José Abu-Tarbush
La dimensión estatal de Palestina
JOHN QUIGLEY (2010). The Statehood of Palestine: International Law in the Middle East Conflict. Nueva York: Cambridge University Press, 326 págs.
(AWRAQ , 3,  2011).

            La dimensión estatal de Palestina ha estado tradicionalmente vinculada a la prospectiva, en concreto, a la construcción de un futuro Estado palestino. Su establecimiento sería fruto de la resolución del conflicto que enfrenta al Estado israelí y a la sociedad palestina desde hace unas seis décadas, aproximadamente. Sin olvidar que semejante escenario fue resultado de la pugna que previamente, durante el periodo de entreguerras, protagonizaron el movimiento sionista y el nacional palestino por el control exclusivo del territorio de Palestina, entonces bajo mandato británico.

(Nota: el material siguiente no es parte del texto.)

definition orthonormal_fam :: "('p::finite \<Rightarrow> real^'n) \<Rightarrow> bool" where
  "orthonormal_fam w \<longleftrightarrow> (\<forall>i j. w i \<bullet> w j = (if i = j then 1 else 0))"

definition S1_op :: "real^'n^'n \<Rightarrow> ('p::finite \<Rightarrow> real^'n) \<Rightarrow> real^'n \<Rightarrow> real^'n" where
  "S1_op S w x = (\<Sum>i\<in>UNIV. ((S *v x) \<bullet> w i) *\<^sub>R w i)"

definition S2_op :: "real^'n^'n \<Rightarrow> ('p::finite \<Rightarrow> real^'n) \<Rightarrow> real^'n \<Rightarrow> real^'n" where
  "S2_op S w x = S *v x - S1_op S w x"

definition tr_S1 :: "real^'n^'n \<Rightarrow> ('p::finite \<Rightarrow> real^'n) \<Rightarrow> real" where
  "tr_S1 S w = (\<Sum>i\<in>UNIV. S1_op S w (w i) \<bullet> w i)"

definition tr_S1_sq :: "real^'n^'n \<Rightarrow> ('p::finite \<Rightarrow> real^'n) \<Rightarrow> real" where
  "tr_S1_sq S w = (\<Sum>i\<in>UNIV. S1_op S w (S1_op S w (w i)) \<bullet> w i)"

definition tr_S2T_S2 :: "real^'n^'n \<Rightarrow> ('p::finite \<Rightarrow> real^'n) \<Rightarrow> real" where
  "tr_S2T_S2 S w = (\<Sum>i\<in>UNIV. S2_op S w (w i) \<bullet> S2_op S w (w i))"

end

theory Submission
  imports Defs
begin

(* In the parallel frame the vectors X_i(t) = A_t^{-*} e_i span W_t, M_t is their Gram
   matrix and S = A' A^{-1}.  The proof is a direct computation in four layers.
   (1) Calculus of matrix-valued functions, done entrywise: product rule, Jacobi's formula
       (det F)' = det F * tr (F' F^{-1}) and (F^{-1})' = - F^{-1} F' F^{-1}.
   (2) Gram matrices: if w is an orthonormal basis of span X and C the coordinate matrix
       of X in w, then M^{-1} B_X = C^{-1} B_w C for the Gram matrix B of any bilinear
       form.  Hence traces of M^{-1} B_X and (M^{-1} B_X)^2 may be computed in the basis w.
   (3) Geometry: S is symmetric (Lagrange condition), X' = - S X, S' = - R - S^2 (Jacobi
       equation), so M' = - 2 N with N = (<S X_i, X_j>) and N' = (<(- R - 3 S^2) X_i, X_j>).
   (4) With H = tr (M^{-1} N) / p one gets g' = g H, hence g'' = g (H^2 + H'); by (2)
       p H = tr S_1 and p H' = 2 tr (S_1^2) - sum <R w_i, w_i> - 3 sum |S w_i|^2, and
       sum |S w_i|^2 = tr (S_1^2) + tr (S_2^T S_2) gives the stated formula. *)


section \<open>Entrywise derivatives of vector- and matrix-valued functions\<close>

definition vec_deriv :: "(real \<Rightarrow> real^'n) \<Rightarrow> real^'n \<Rightarrow> real \<Rightarrow> bool" where
  "vec_deriv f D s \<longleftrightarrow> (\<forall>a. ((\<lambda>u. f u $ a) has_real_derivative D $ a) (at s))"

definition mat_deriv :: "(real \<Rightarrow> real^'n^'m) \<Rightarrow> real^'n^'m \<Rightarrow> real \<Rightarrow> bool" where
  "mat_deriv F D s \<longleftrightarrow> (\<forall>a b. ((\<lambda>u. F u $ a $ b) has_real_derivative D $ a $ b) (at s))"

lemma mat_deriv_of_vector_derivative:
  fixes F :: "real \<Rightarrow> real^'n^'m"
  assumes "(F has_vector_derivative D) (at s)"
  shows "mat_deriv F D s"
  unfolding mat_deriv_def
proof (intro allI)
  fix a b
  have "bounded_linear (\<lambda>M::real^'n^'m. M $ a $ b)"
    by (intro bounded_linear_compose[OF bounded_linear_vec_nth] bounded_linear_vec_nth)
  from bounded_linear.has_vector_derivative[OF this assms]
  show "((\<lambda>u. F u $ a $ b) has_real_derivative D $ a $ b) (at s)"
    by (simp add: has_real_derivative_iff_has_vector_derivative)
qed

            A su vez, las dos principales opciones para la resolución de la controversia han girado en torno a la extensión territorial que tendría ese hipotético Estado palestino. La primera opción, la de un Estado en «todo el territorio del Mandato británico en Palestina», se corresponde con el programa original de la Organización para la Liberación de Palestina (OLP), centrado en su carácter «democrático y secular», en la igualdad de todos sus ciudadanos ante la ley, sin ningún tipo de discriminación por su origen étnico y confesional. La segunda opción, concretada en la creación de un pequeño Estado palestino en los territorios ocupados por Israel durante la guerra de 1967 —esto es, en la Franja de Gaza, Cisjordania y Jerusalén Este, donde residiría su capital—, responde al programa mínimo de la OLP, que aceptó poner fin definitivo a la disputa, limitando su reivindicación estatal al 22% del territorio de Palestina en convivencia segura y pacífica con el Estado de Israel.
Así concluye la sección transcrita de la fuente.